Where the wild things are

MANILA, Philippines - After a tough and bleak year in both fashion and finances, it’s wonderful to see at China Fashion Week a 2010 forecast that is simultaneously reassuring and confounding. Reassuring because Chinese creativity is reaching ever greater heights, blowing away the old stereotype of manufacturing-era “Made in China,” making way for the culturally-cool “Created in China.” Confounding, however, because as you see models walk down the runway (or more accurately, photos of them walking down the runway), you’re like, WTF? It’s less about fashion and finery than concepts and costumes.

One collection takes all the colors of the ROYGBIV, throws them on to every pattern and shape available to graphic design, and for good measure adds a few stuffed toys, resulting in a frenetic display of bubble gum pop culture and kawaii cuteness. It’s an in-your-face allegiance to adolescence, and as China hurtles into the ambiguous territory of superpowerdom, it’s also perhaps a last claim on innocence.

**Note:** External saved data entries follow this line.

(* Let $G$ be a connected graph with $n\ge 4$ vertices and $m=e(G)\ge n$ edges. If $R(G)>\sqrt{n-1}+\frac{2m-2n+2}{n\sqrt{n-1}}$, then $\frac{q(G)}{R(G)}<\frac{n}{\sqrt{n-1}}$.
   Context: All graphs are finite and simple; $e(G)$ is the number of edges. For a vertex $u$, $d(u)$ is its degree. The Randić index is $R(G)=\sum_{\{u,v\}\in E(G)} \frac{1}{\sqrt{d(u)d(v)}}$. The signless Laplacian is $Q=D+A$ ($D$ the diagonal degree matrix, $A$ the adjacency matrix), and $q(G)$ is its largest eigenvalue. *)

theory Defs
  imports Complex_Main
begin

definition simple_graph :: "'a set \<Rightarrow> ('a \<Rightarrow> 'a \<Rightarrow> bool) \<Rightarrow> bool" where
  "simple_graph V E \<longleftrightarrow> finite V \<and> (\<forall>u v. E u v \<longrightarrow> u \<in> V \<and> v \<in> V)
     \<and> (\<forall>u v. E u v \<longrightarrow> E v u) \<and> (\<forall>u. \<not> E u u)"

definition connected_graph :: "'a set \<Rightarrow> ('a \<Rightarrow> 'a \<Rightarrow> bool) \<Rightarrow> bool" where
  "connected_graph V E \<longleftrightarrow> V \<noteq> {} \<and> (\<forall>u\<in>V. \<forall>v\<in>V. E\<^sup>*\<^sup>* u v)"

definition edges :: "'a set \<Rightarrow> ('a \<Rightarrow> 'a \<Rightarrow> bool) \<Rightarrow> 'a set set" where
  "edges V E = {{u, v} | u v. u \<in> V \<and> v \<in> V \<and> E u v}"

definition num_edges :: "'a set \<Rightarrow> ('a \<Rightarrow> 'a \<Rightarrow> bool) \<Rightarrow> nat" where
  "num_edges V E = card (edges V E)"

definition degree :: "'a set \<Rightarrow> ('a \<Rightarrow> 'a \<Rightarrow> bool) \<Rightarrow> 'a \<Rightarrow> nat" where
  "degree V E u = card {v \<in> V. E u v}"

definition randic :: "'a set \<Rightarrow> ('a \<Rightarrow> 'a \<Rightarrow> bool) \<Rightarrow> real" where
  "randic V E = (\<Sum>e\<in>edges V E. 1 / sqrt (\<Prod>w\<in>e. real (degree V E w)))"

text \<open>Eigenvalues of the signless Laplacian Q = D + A, viewed as a linear map on
real functions on V: (Q x)(u) = d(u) x(u) + sum of x(v) over neighbours v of u.\<close>
definition signless_laplacian_eigenvalue :: "'a set \<Rightarrow> ('a \<Rightarrow> 'a \<Rightarrow> bool) \<Rightarrow> real \<Rightarrow> bool" where
  "signless_laplacian_eigenvalue V E mu \<longleftrightarrow>
     (\<exists>x :: 'a \<Rightarrow> real. (\<exists>u\<in>V. x u \<noteq> 0) \<and>
        (\<forall>u\<in>V. real (degree V E u) * x u + (\<Sum>v\<in>{w\<in>V. E u w}. x v) = mu * x u))"

text \<open>q(G): the largest eigenvalue of Q (Q is real symmetric, so all eigenvalues are real).\<close>
definition signless_spectral_radius :: "'a set \<Rightarrow> ('a \<Rightarrow> 'a \<Rightarrow> bool) \<Rightarrow> real" where
  "signless_spectral_radius V E = Max {mu. signless_laplacian_eigenvalue V E mu}"

end

theory Submission
  imports Defs "Jordan_Normal_Form.Spectral_Radius"
begin

text \<open>
  For an eigenvector x of Q, pick a vertex u maximising |x u| / d(u). The eigenvalue equation at u
  gives q d(u) \<le> d(u)^2 + S(u), where S(u) is the degree sum over the neighbours of u. In a connected
  graph S(u) \<le> d(u) (n - 1) and S(u) \<le> 2m - n + 1, which yields q \<le> 2m/(n - 1) + n - 2. The hypothesis
  on R(G) says exactly that this bound is below R(G) n / sqrt(n - 1). That q(G) exists at all
  (the spectrum of Q is finite, nonempty and real) comes from the characteristic polynomial.
\<close>

lemma simple_graph_finite: "simple_graph V E \<Longrightarrow> finite V"
  unfolding simple_graph_def by blast

lemma finite_edges: "simple_graph V E \<Longrightarrow> finite (edges V E)"
  by (rule finite_subset[of _ "Pow V"]) (auto simp: edges_def simple_graph_finite)

lemma card_edge: "simple_graph V E \<Longrightarrow> e \<in> edges V E \<Longrightarrow> card e = 2"
  unfolding edges_def simple_graph_def by (auto simp: card_insert_if)

lemma degree_eq_card_incident_edges:
  assumes sg: "simple_graph V E" and u: "u \<in> V"
  shows "Defs.degree V E u = card {e \<in> edges V E. u \<in> e}"
proof -
  have "bij_betw (\<lambda>v. {u, v}) {v \<in> V. E u v} {e \<in> edges V E. u \<in> e}"
  proof (rule bij_betwI')
    fix e assume "e \<in> {e \<in> edges V E. u \<in> e}"
    then obtain a b where e: "e = {a, b}" "E a b" "E b a" "a \<in> V" "b \<in> V" "u \<in> e"
      using sg unfolding edges_def simple_graph_def by auto
    then consider "u = a" | "u = b"
      by blast
    then show "\<exists>v\<in>{v \<in> V. E u v}. e = {u, v}"
      by cases (use e in \<open>auto simp: insert_commute\<close>)
  qed (use u in \<open>auto simp: edges_def doubleton_eq_iff\<close>)
  then show ?thesis
    unfolding Defs.degree_def by (rule bij_betw_same_card)
qed

lemma sum_degree_eq_twice_num_edges:
  assumes sg: "simple_graph V E"
  shows "(\<Sum>u\<in>V. Defs.degree V E u) = 2 * num_edges V E"
proof -
  have "(\<Sum>u\<in>V. Defs.degree V E u) = (\<Sum>u\<in>V. \<Sum>e\<in>edges V E. if u \<in> e then 1 else 0)"
    using finite_edges[OF sg] by (simp add: degree_eq_card_incident_edges[OF sg] sum.If_cases Int_def)
  also have "\<dots> = (\<Sum>e\<in>edges V E. \<Sum>u\<in>V. if u \<in> e then 1 else 0)"
    by (rule sum.swap)
  also have "\<dots> = (\<Sum>e\<in>edges V E. card e)"
  proof (rule sum.cong)
    fix e assume "e \<in> edges V E"
    then have "V \<inter> {u. u \<in> e} = e"
      unfolding edges_def by auto
    then show "(\<Sum>u\<in>V. if u \<in> e then 1 else 0) = card e"
      using simple_graph_finite[OF sg] by (simp add: sum.If_cases)
  qed simp
  also have "\<dots> = 2 * num_edges V E"
    unfolding num_edges_def using card_edge[OF sg] by simp
  finally show ?thesis .
qed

On the other end of the frequency we see strange performative outfits that seem to be in parts inspired by Lady Gaga and Salvador Dali. Lady Dada? With these clothes the human element has been completely obfuscated by black body suits and huge headpieces, leaving us with simple geometry and complex meditations on time. It’s as if a black hole appeared in the future and spat out random objects from the modern era. Which is something that could be said about China in general — it’s a nation bursting with energy, both dark and light, but sometimes they just don’t know what to do with it.